Start of Material provided

lemma leq_antisym: assumes "is_poset C" "leq C a b" "leq C b a" shows "a = b"
proof -
  obtain \<phi> \<psi> where "\<phi> \<in> Arr C" "Src C \<phi> = a" "Tgt C \<phi> = b" "\<psi> \<in> Arr C" "Src C \<psi> = b" "Tgt C \<psi> = a"
    using assms(2,3) unfolding leq_def by blast
  then show ?thesis using is_posetD(3)[OF assms(1), of \<phi> \<psi>] by simp
qed

lemma functor_the_arr:
  assumes "is_poset C" "is_functor C D F" "leq C a b"
  shows "snd F (the_arr C a b) \<in> Arr D" "Src D (snd F (the_arr C a b)) = fst F a"
    "Tgt D (snd F (the_arr C a b)) = fst F b"
  using is_functorD(2,3,4)[OF assms(2)] the_arr[OF assms(1,3)] by auto

lemma functor_leq:
  assumes "is_poset C" "is_functor C D F" "leq C a b"
  shows "leq D (fst F a) (fst F b)"
  using functor_the_arr[OF assms] unfolding leq_def by blast

lemma functor_the_arr_eq:
  assumes "is_poset C" "is_poset D" "is_functor C D F" "leq C a b"
  shows "snd F (the_arr C a b) = the_arr D (fst F a) (fst F b)"
  using the_arr_unique[OF assms(2) functor_the_arr[OF assms(1,3,4)]] by simp

lemma functor_Cmp_the_arr:
  assumes "is_poset C" "is_functor C D F" "leq C a b" "leq C b c"
  shows "Cmp D (snd F (the_arr C b c)) (snd F (the_arr C a b)) = snd F (the_arr C a c)"
proof -
  have "snd F (Cmp C (the_arr C b c) (the_arr C a b)) = Cmp D (snd F (the_arr C b c)) (snd F (the_arr C a b))"
    using is_functorD(6)[OF assms(2)] the_arr[OF assms(1,3)] the_arr[OF assms(1,4)] by simp
  then show ?thesis using Cmp_the_arr(2)[OF assms(1,3,4)] by simp
qed

section \<open>Thin categories\<close>

definition thin :: "'o set \<Rightarrow> ('o \<Rightarrow> 'o \<Rightarrow> bool) \<Rightarrow> ('o \<Rightarrow> 'o \<Rightarrow> 'm) \<Rightarrow> ('m \<Rightarrow> 'o) \<Rightarrow> ('m \<Rightarrow> 'o) \<Rightarrow> ('o, 'm) cat" where
  "thin Ob R e s t = \<lparr>Obj = Ob, Arr = {e a b |a b. a \<in> Ob \<and> b \<in> Ob \<and> R a b}, Src = s, Tgt = t,
     Idt = (\<lambda>a. e a a), Cmp = (\<lambda>g h. e (s h) (t g))\<rparr>"

lemma thin_simps:
  "Obj (thin Ob R e s t) = Ob" "Arr (thin Ob R e s t) = {e a b |a b. a \<in> Ob \<and> b \<in> Ob \<and> R a b}"
  "Src (thin Ob R e s t) = s" "Tgt (thin Ob R e s t) = t" "Idt (thin Ob R e s t) = (\<lambda>a. e a a)"
  "Cmp (thin Ob R e s t) = (\<lambda>g h. e (s h) (t g))"
  unfolding thin_def by simp_all

locale thin_poset =
  fixes Ob :: "'o set" and R :: "'o \<Rightarrow> 'o \<Rightarrow> bool" and e :: "'o \<Rightarrow> 'o \<Rightarrow> 'm" and s t :: "'m \<Rightarrow> 'o"
  assumes refl: "\<And>a. a \<in> Ob \<Longrightarrow> R a a"
    and trans: "\<And>a b c. a \<in> Ob \<Longrightarrow> b \<in> Ob \<Longrightarrow> c \<in> Ob \<Longrightarrow> R a b \<Longrightarrow> R b c \<Longrightarrow> R a c"
    and antisym: "\<And>a b. a \<in> Ob \<Longrightarrow> b \<in> Ob \<Longrightarrow> R a b \<Longrightarrow> R b a \<Longrightarrow> a = b"
    and src_code: "\<And>a b. a \<in> Ob \<Longrightarrow> b \<in> Ob \<Longrightarrow> s (e a b) = a"
    and tgt_code: "\<And>a b. a \<in> Ob \<Longrightarrow> b \<in> Ob \<Longrightarrow> t (e a b) = b"
begin

lemma code_inj: "a \<in> Ob \<Longrightarrow> b \<in> Ob \<Longrightarrow> a' \<in> Ob \<Longrightarrow> b' \<in> Ob \<Longrightarrow> e a b = e a' b' \<Longrightarrow> a = a' \<and> b = b'"
  by (metis src_code tgt_code)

End of Material provided

Problem details:
Review the material and copy each line in which the word "then" appears.

Answer section:
  then show ?thesis using is_posetD(3)[OF assms(1), of \<phi> \<psi>] by simp
  then show ?thesis using Cmp_the_arr(2)[OF assms(1,3,4)] by simp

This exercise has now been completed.